I hadn’t made it to an ultrasound yet, but I went to an OBGYN here in town where they confirmed the pregnancy test was positive. Shortly after, the same week, I heavily bled and knew what had happened. I had to be very early.

We tried for three years, and in November of 2022, I got pregnant again unexpectedly after thinking there had to be something wrong with us. The test was positive, and I set my appointment to come in at my local OBGYN. Excited beyond words, we went in not knowing our hearts would yet again be shattered hearing the words, “There is no heartbeat. “ I was supposed to be eight weeks, but the baby measured six weeks. Devastated and confused, I got a call with the results that my HCG had dropped and that my pregnancy was nonviable. A few weeks later, I experienced the horrific pain of yet another miscarriage. Soon after, I isolated myself, and my world turned dark. Hearing from others, “Some people can’t have kids,” I believed just that. Support from my boyfriend helped me stay positive in knowing we can always try again when we are ready.

Shortly after, a month later, unexpectedly without trying, something told me to take a test when I didn’t feel well.

My intuition just did that. And there it was. A positive test. My worst fear, but something my heart wanted badly. I then took another test, and both said positive. I cried just knowing I would have another miscarriage, expecting the absolute worst, not wanting to experience the physical and mental pain of losing another baby yet again. I set an appointment yet again at my local OBGYN. Due to it being a month apart, I was able to be seen very soon.

I hesitated at the ultrasound, with the words being in the back of my head that this baby, too, would have no heartbeat. But little did I know, I was six weeks with a heartbeat loud and clear. My heart turned warm that day with tears of joy, holding on but still not attaching myself.

Haylie pregnant on a beach - Chosen: A Rainbow Birth Story

Author’s Personal Collection/Haylie Beltran

As the next appointments went by, every appointment was scary. I nearly cried just about every time. We had high hopes and kept our faith that everything would be okay. Throughout, our baby was thriving.

Haylie at her baby shower - Chosen: A Rainbow Birth Story

Author’s Personal Collection/Haylie Beltran

Our son’s due date was November 2023, the same month I got pregnant with our last baby, who we lost in a short time. Not only that, but the due date was 11/11/23. Those numbers gave me hope that this was the one—a miracle, truly.

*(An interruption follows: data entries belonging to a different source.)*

text \<open>Near the centre \<open>q\<rho>\<close>, \<open>diag \<phi>\<close> may be replaced by the scalar \<open>\<kappa> (q\<rho>)\<close>, which commutes
  with \<open>H\<close>, at a cost \<open>O(L (\<rho> + \<delta>))\<close>; the \<open>2\<rho>\<close>-neighbourhoods of the centres overlap at most
  11 times.\<close>

lemma commutator_diag_band_bound:
  fixes H :: "nat \<Rightarrow> nat \<Rightarrow> complex" and \<phi> :: "nat \<Rightarrow> complex" and \<kappa> :: "real \<Rightarrow> complex"
  assumes "0 < \<rho>" "0 \<le> \<delta>" "0 \<le> L"
    and H_bounded: "\<And>v. sqnorm N (mvmul N H v) \<le> h\<^sup>2 * sqnorm N v"
    and H_band: "band_matrix N \<rho> H"
    and \<phi>_near_\<kappa>: "\<And>m y. m < N \<Longrightarrow> y \<in> {0..1} \<Longrightarrow> cmod (\<phi> m - \<kappa> y) \<le> L * (dc (real m / real N) y + \<delta>)"
  shows "sqnorm N (mvmul N (commutator N (diag_mat \<phi>) H) v) \<le> 90 * (L * h * (\<rho> + \<delta>))\<^sup>2 * sqnorm N v"
proof -
  define a where "a = L * (\<rho> + \<delta>)"
  define Q where "Q = nat \<lceil>1 / \<rho>\<rceil>"
  define near where "near q m \<longleftrightarrow> dc (real m / real N) (real q * \<rho>) \<le> 2 * \<rho>" for q m
  define w where "w q = (\<lambda>m. if near q m then (\<phi> m - \<kappa> (real q * \<rho>)) * v m else 0)" for q
  have center: "real q * \<rho> \<in> {0..1}" if "q < Q" for q
    using grid_center_lt_one[OF \<open>0 < \<rho>\<close>, of q] that \<open>0 < \<rho>\<close> by (simp add: Q_def)
  have row: "(cmod (mvmul N (commutator N (diag_mat \<phi>) H) v m))\<^sup>2
      \<le> 2 * a\<^sup>2 * (cmod (mvmul N H v m))\<^sup>2 + 2 * (\<Sum>q<Q. (cmod (mvmul N H (w q) m))\<^sup>2)" if "m < N" for m
  proof -
    obtain q where "q < Q" and q: "dc (real m / real N) (real q * \<rho>) \<le> \<rho>"
      using grid_centers_cover[OF \<open>0 < \<rho>\<close>, of "real m / real N"] \<open>m < N\<close> by (auto simp: Q_def)
    have "L * (dc (real m / real N) (real q * \<rho>) + \<delta>) \<le> a"
      using q \<open>0 \<le> L\<close> unfolding a_def by (intro mult_left_mono) auto
    then have near_a: "cmod (\<phi> m - \<kappa> (real q * \<rho>)) \<le> a"
      using \<phi>_near_\<kappa>[OF \<open>m < N\<close> center[OF \<open>q < Q\<close>]] by linarith
    have "(cmod (mvmul N (commutator N (diag_mat \<phi>) H) v m))\<^sup>2
        \<le> 2 * a\<^sup>2 * (cmod (mvmul N H v m))\<^sup>2 + 2 * (cmod (mvmul N H (w q) m))\<^sup>2"
      unfolding w_def near_def
      by (rule commutator_diag_band_row_le[where \<phi> = \<phi> and z = "\<kappa> (real q * \<rho>)",
          OF H_band center[OF \<open>q < Q\<close>] \<open>m < N\<close> q near_a])
    moreover have "(cmod (mvmul N H (w q) m))\<^sup>2 \<le> (\<Sum>q<Q. (cmod (mvmul N H (w q) m))\<^sup>2)"
      using \<open>q < Q\<close> by (intro member_le_sum) auto
    ultimately show ?thesis
      by linarith
  qed
  have "(\<Sum>q<Q. sqnorm N (w q)) \<le> 11 * (2 * a)\<^sup>2 * sqnorm N v"
    unfolding w_def near_def Q_def
  proof (rule sum_sqnorm_localized_le[OF \<open>0 < \<rho>\<close>])
    fix q m
    assume "q < nat \<lceil>1 / \<rho>\<rceil>" "m < N" "dc (real m / real N) (real q * \<rho>) \<le> 2 * \<rho>"
    then have "dc (real m / real N) (real q * \<rho>) + \<delta> \<le> 2 * \<rho> + 2 * \<delta>"
      using \<open>0 \<le> \<delta>\<close> by linarith
    then have "L * (dc (real m / real N) (real q * \<rho>) + \<delta>) \<le> 2 * a"
      using mult_left_mono[OF _ \<open>0 \<le> L\<close>] by (fastforce simp: a_def algebra_simps)
    then show "cmod (\<phi> m - \<kappa> (real q * \<rho>)) \<le> 2 * a"
      using \<phi>_near_\<kappa>[of m "real q * \<rho>"] \<open>q < nat \<lceil>1 / \<rho>\<rceil>\<close> \<open>m < N\<close> center by (fastforce simp: Q_def)
  qed
  then have w_sum: "(\<Sum>q<Q. sqnorm N (w q)) \<le> 44 * a\<^sup>2 * sqnorm N v"
    by (simp add: power_mult_distrib)
  have "sqnorm N (mvmul N (commutator N (diag_mat \<phi>) H) v)
      \<le> (\<Sum>m<N. 2 * a\<^sup>2 * (cmod (mvmul N H v m))\<^sup>2 + 2 * (\<Sum>q<Q. (cmod (mvmul N H (w q) m))\<^sup>2))"
    unfolding sqnorm_def by (intro sum_mono row) auto
  also have "\<dots> = 2 * a\<^sup>2 * sqnorm N (mvmul N H v) + 2 * (\<Sum>q<Q. sqnorm N (mvmul N H (w q)))"
    unfolding sqnorm_def sum.distrib sum_distrib_left[symmetric] by (simp add: sum.swap[of _ "{..<N}"])
  also have "\<dots> \<le> 2 * a\<^sup>2 * (h\<^sup>2 * sqnorm N v) + 2 * (\<Sum>q<Q. h\<^sup>2 * sqnorm N (w q))"
    by (intro add_mono mult_left_mono sum_mono H_bounded) auto
  also have "\<dots> = 2 * a\<^sup>2 * (h\<^sup>2 * sqnorm N v) + 2 * (h\<^sup>2 * (\<Sum>q<Q. sqnorm N (w q)))"
    by (simp add: sum_distrib_left)
  also have "\<dots> \<le> 2 * a\<^sup>2 * (h\<^sup>2 * sqnorm N v) + 2 * (h\<^sup>2 * (44 * a\<^sup>2 * sqnorm N v))"
    using w_sum by (intro add_mono mult_left_mono) auto
  also have "\<dots> = 90 * (L * h * (\<rho> + \<delta>))\<^sup>2 * sqnorm N v"
    by (simp add: a_def power_mult_distrib)
  finally show ?thesis .
qed

section \<open>The expanding map\<close>

text \<open>Condition 1 leaves \<open>T\<close> free at the breakpoints \<open>a j\<close>; \<open>expanding_map\<close> is the representative
  that is continuous from the right and sends \<open>1\<close> to \<open>0\<close>.\<close>

definition expanding_map :: "(nat \<Rightarrow> nat) \<Rightarrow> (nat \<Rightarrow> real) \<Rightarrow> real \<Rightarrow> real" where
  "expanding_map \<Lambda> a x =
     (if x < 1 then real (\<Lambda> (LEAST j. x < a j)) * (x - a ((LEAST j. x < a j) - 1)) else 0)"

definition max_slope :: "(nat \<Rightarrow> nat) \<Rightarrow> nat \<Rightarrow> real" where
  "max_slope \<Lambda> l = real (Max (\<Lambda> ` {1..l}))"

lemma expanding_map_one: "expanding_map \<Lambda> a 1 = 0"
  by (simp add: expanding_map_def)

context
  fixes T :: "real \<Rightarrow> real" and l :: nat and \<Lambda> :: "nat \<Rightarrow> nat" and a :: "nat \<Rightarrow> real"
  assumes cond1: "cond1 T l \<Lambda> a"
begin

lemma breakpoint_step: "j \<in> {1..l} \<Longrightarrow> a j = a (j - 1) + 1 / real (\<Lambda> j)"
  using cond1 by (simp add: cond1_def)

lemma slope_bounds:
  assumes "j \<in> {1..l}"
  shows "2 \<le> real (\<Lambda> j)" "real (\<Lambda> j) \<le> max_slope \<Lambda> l"
  using cond1 assms by (auto simp: cond1_def max_slope_def)

lemma max_slope_ge_two: "2 \<le> max_slope \<Lambda> l"
proof -
  have "1 \<in> {1..l}"
    using cond1 by (simp add: cond1_def)
  from slope_bounds[OF this] show ?thesis
    by linarith
qed

lemma breakpoint_eq_sum: "j \<le> l \<Longrightarrow> a j = (\<Sum>i=1..j. 1 / real (\<Lambda> i))"
proof (induction j)
  case 0
  then show ?case
    using cond1 by (simp add: cond1_def)
next
  case (Suc j)
  then show ?case
    using breakpoint_step[of "Suc j"] by simp
qed

lemma breakpoint_last: "a l = 1"
  using breakpoint_eq_sum[of l] cond1 by (simp add: cond1_def)

lemma breakpoint_mono: "i \<le> j \<Longrightarrow> j \<le> l \<Longrightarrow> a i \<le> a j"
  by (simp add: breakpoint_eq_sum sum_mono2)

lemma breakpoint_in_unit: "j \<le> l \<Longrightarrow> a j \<in> {0..1}"
  using breakpoint_mono[of 0 j] breakpoint_mono[of j l] breakpoint_last cond1 by (simp add: cond1_def)

lemma piece_exists:
  assumes "0 \<le> x" "x < 1"
  obtains j where "j \<in> {1..l}" "a (j - 1) \<le> x" "x < a j"
proof -
  let ?j = "LEAST j. x < a j"
  have "x < a l"
    using assms breakpoint_last by simp
  then have "x < a ?j" "?j \<le> l"
    by (auto intro: LeastI Least_le)
  moreover have "?j \<noteq> 0"
  proof
    assume "?j = 0"
    then have "x < a 0"
      using \<open>x < a ?j\<close> by simp
    then show False
      using assms cond1 by (simp add: cond1_def)
  qed
  moreover have "a (?j - 1) \<le> x"
    using \<open>?j \<noteq> 0\<close> not_less_Least[of "?j - 1" "\<lambda>j. x < a j"] by simp
  ultimately show ?thesis
    by (intro that) auto
qed

lemma expanding_map_on_piece:
  assumes "j \<in> {1..l}" "a (j - 1) \<le> x" "x < a j"
  shows "expanding_map \<Lambda> a x = real (\<Lambda> j) * (x - a (j - 1))"
proof -
  have "(LEAST i. x < a i) = j"
  proof (rule Least_equality)
    show "x < a j" by fact
    show "j \<le> i" if "x < a i" for i
    proof (rule ccontr)
      assume "\<not> j \<le> i"
      then have "a i \<le> a (j - 1)"
        using assms(1) by (intro breakpoint_mono) auto
      then show False
        using that assms(2) by simp
    qed
  qed
  moreover have "x < 1"
    using assms breakpoint_in_unit[of j] by auto
  ultimately show ?thesis
    by (simp add: expanding_map_def)
qed

lemma expanding_map_piece_bounds:
  assumes "j \<in> {1..l}" "a (j - 1) \<le> x" "x < a j"
  shows "0 \<le> expanding_map \<Lambda> a x" "expanding_map \<Lambda> a x \<le> max_slope \<Lambda> l * (x - a (j - 1))"
    and "0 \<le> 1 - expanding_map \<Lambda> a x" "1 - expanding_map \<Lambda> a x \<le> max_slope \<Lambda> l * (a j - x)"
proof -
  have S: "expanding_map \<Lambda> a x = real (\<Lambda> j) * (x - a (j - 1))"
    by (rule expanding_map_on_piece[OF assms])
  moreover have "1 - expanding_map \<Lambda> a x = real (\<Lambda> j) * (a j - x)"
    using S breakpoint_step[OF assms(1)] slope_bounds(1)[OF assms(1)] by (simp add: algebra_simps)
  ultimately show "0 \<le> expanding_map \<Lambda> a x" "expanding_map \<Lambda> a x \<le> max_slope \<Lambda> l * (x - a (j - 1))"
    "0 \<le> 1 - expanding_map \<Lambda> a x" "1 - expanding_map \<Lambda> a x \<le> max_slope \<Lambda> l * (a j - x)"
    using assms slope_bounds[OF assms(1)] by (simp_all add: mult_right_mono)
qed

lemma expanding_map_in_unit:
  assumes "x \<in> {0..1}"
  shows "expanding_map \<Lambda> a x \<in> {0..1}"
proof (cases "x = 1")
  case False
  then obtain j where j: "j \<in> {1..l}" "a (j - 1) \<le> x" "x < a j"
    using piece_exists[of x] assms by force
  then show ?thesis
    using expanding_map_piece_bounds(1,3)[OF j] by simp
qed (simp add: expanding_map_one)

lemma expanding_map_zero: "expanding_map \<Lambda> a 0 = 0"
proof -
  have "1 \<in> {1..l}" "a 0 = 0"
    using cond1 by (simp_all add: cond1_def)
  moreover have "0 < a 1"
    using breakpoint_step[of 1] slope_bounds(1)[of 1] calculation by simp
  ultimately show ?thesis
    using expanding_map_on_piece[of 1 0] by simp
qed

lemma expanding_map_le_past_breakpoint:
  assumes "j \<le> l" "a j \<le> y" "y \<le> 1"
  shows "expanding_map \<Lambda> a y \<le> max_slope \<Lambda> l * (y - a j)"
proof (cases "y = 1")
  case True
  then show ?thesis
    using max_slope_ge_two breakpoint_in_unit[OF assms(1)] by (simp add: expanding_map_one)
next
  case False
  then obtain k where k: "k \<in> {1..l}" "a (k - 1) \<le> y" "y < a k"
    using piece_exists[of y] assms breakpoint_in_unit[OF assms(1)] by force
  have "j \<le> k - 1"
  proof (rule ccontr)
    assume "\<not> j \<le> k - 1"
    then have "a k \<le> a j"
      using assms(1) by (intro breakpoint_mono) auto
    then show False
      using assms(2) k(3) by simp
  qed
  then have "a j \<le> a (k - 1)"
    using k(1) by (intro breakpoint_mono) auto
  then have "max_slope \<Lambda> l * (y - a (k - 1)) \<le> max_slope \<Lambda> l * (y - a j)"
    using max_slope_ge_two by (simp add: mult_left_mono)
  then show ?thesis
    using expanding_map_piece_bounds(2)[OF k] by linarith
qed

lemma expanding_map_dist_le:
  assumes "0 \<le> x" "x \<le> y" "y \<le> 1"
  shows "dc (expanding_map \<Lambda> a x) (expanding_map \<Lambda> a y) \<le> max_slope \<Lambda> l * (y - x)"
proof (cases "x = 1")
  case False
  let ?S = "expanding_map \<Lambda> a" and ?L = "max_slope \<Lambda> l"
  obtain j where j: "j \<in> {1..l}" "a (j - 1) \<le> x" "x < a j"
    using piece_exists[of x] assms False by force
  show ?thesis
  proof (cases "y < a j")
    case True
    then have "?S y = real (\<Lambda> j) * (y - a (j - 1))"
      using j assms by (intro expanding_map_on_piece) auto
    then have "?S y - ?S x = real (\<Lambda> j) * (y - x)"
      using expanding_map_on_piece[OF j] by (simp add: algebra_simps)
    then have "\<bar>?S x - ?S y\<bar> = real (\<Lambda> j) * (y - x)"
      using assms by (metis abs_minus_commute abs_of_nonneg diff_ge_0_iff_ge of_nat_0_le_iff
          zero_le_mult_iff)
    then have "dc (?S x) (?S y) \<le> real (\<Lambda> j) * (y - x)"
      using dc_le_abs[of "?S x" "?S y"] by simp
    also have "\<dots> \<le> ?L * (y - x)"
      using slope_bounds(2)[OF j(1)] assms by (simp add: mult_right_mono)
    finally show ?thesis .
  next
    case False
    have "?S y \<le> ?L * (y - a j)"
      using j(1) False assms by (intro expanding_map_le_past_breakpoint) auto
    moreover have "1 - ?S x \<le> ?L * (a j - x)"
      by (rule expanding_map_piece_bounds(4)[OF j])
    moreover have "dc (?S x) (?S y) \<le> 1 - ?S x + ?S y"
      using dc_le_one_minus_abs[of "?S x" "?S y"] by linarith
    ultimately show ?thesis
      by (simp add: algebra_simps)
  qed
qed (use assms in simp)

Haylie holding her baby shortly after birth - Chosen: A Rainbow Birth Story

Author’s Personal Collection/Haylie Beltran

We officially met our baby boy on November 4th, 2023.

Newborn in a hospital basinet - Chosen: A Rainbow Birth Story

Author’s Personal Collection/Haylie Beltran

Due to him being breech nearly the whole pregnancy, we met our rainbow baby sooner than expected. I was in total shock and excitement, with tears of joy. He is a miracle and a blessing. I found out during the surgery that I have a bicornuate uterus, which makes it hard to carry a pregnancy.

Baby on rainbow milestone blanket - Chosen: A Rainbow Birth Story

Author’s Personal Collection/Haylie Beltran

We knew then his middle name had to be Chosen.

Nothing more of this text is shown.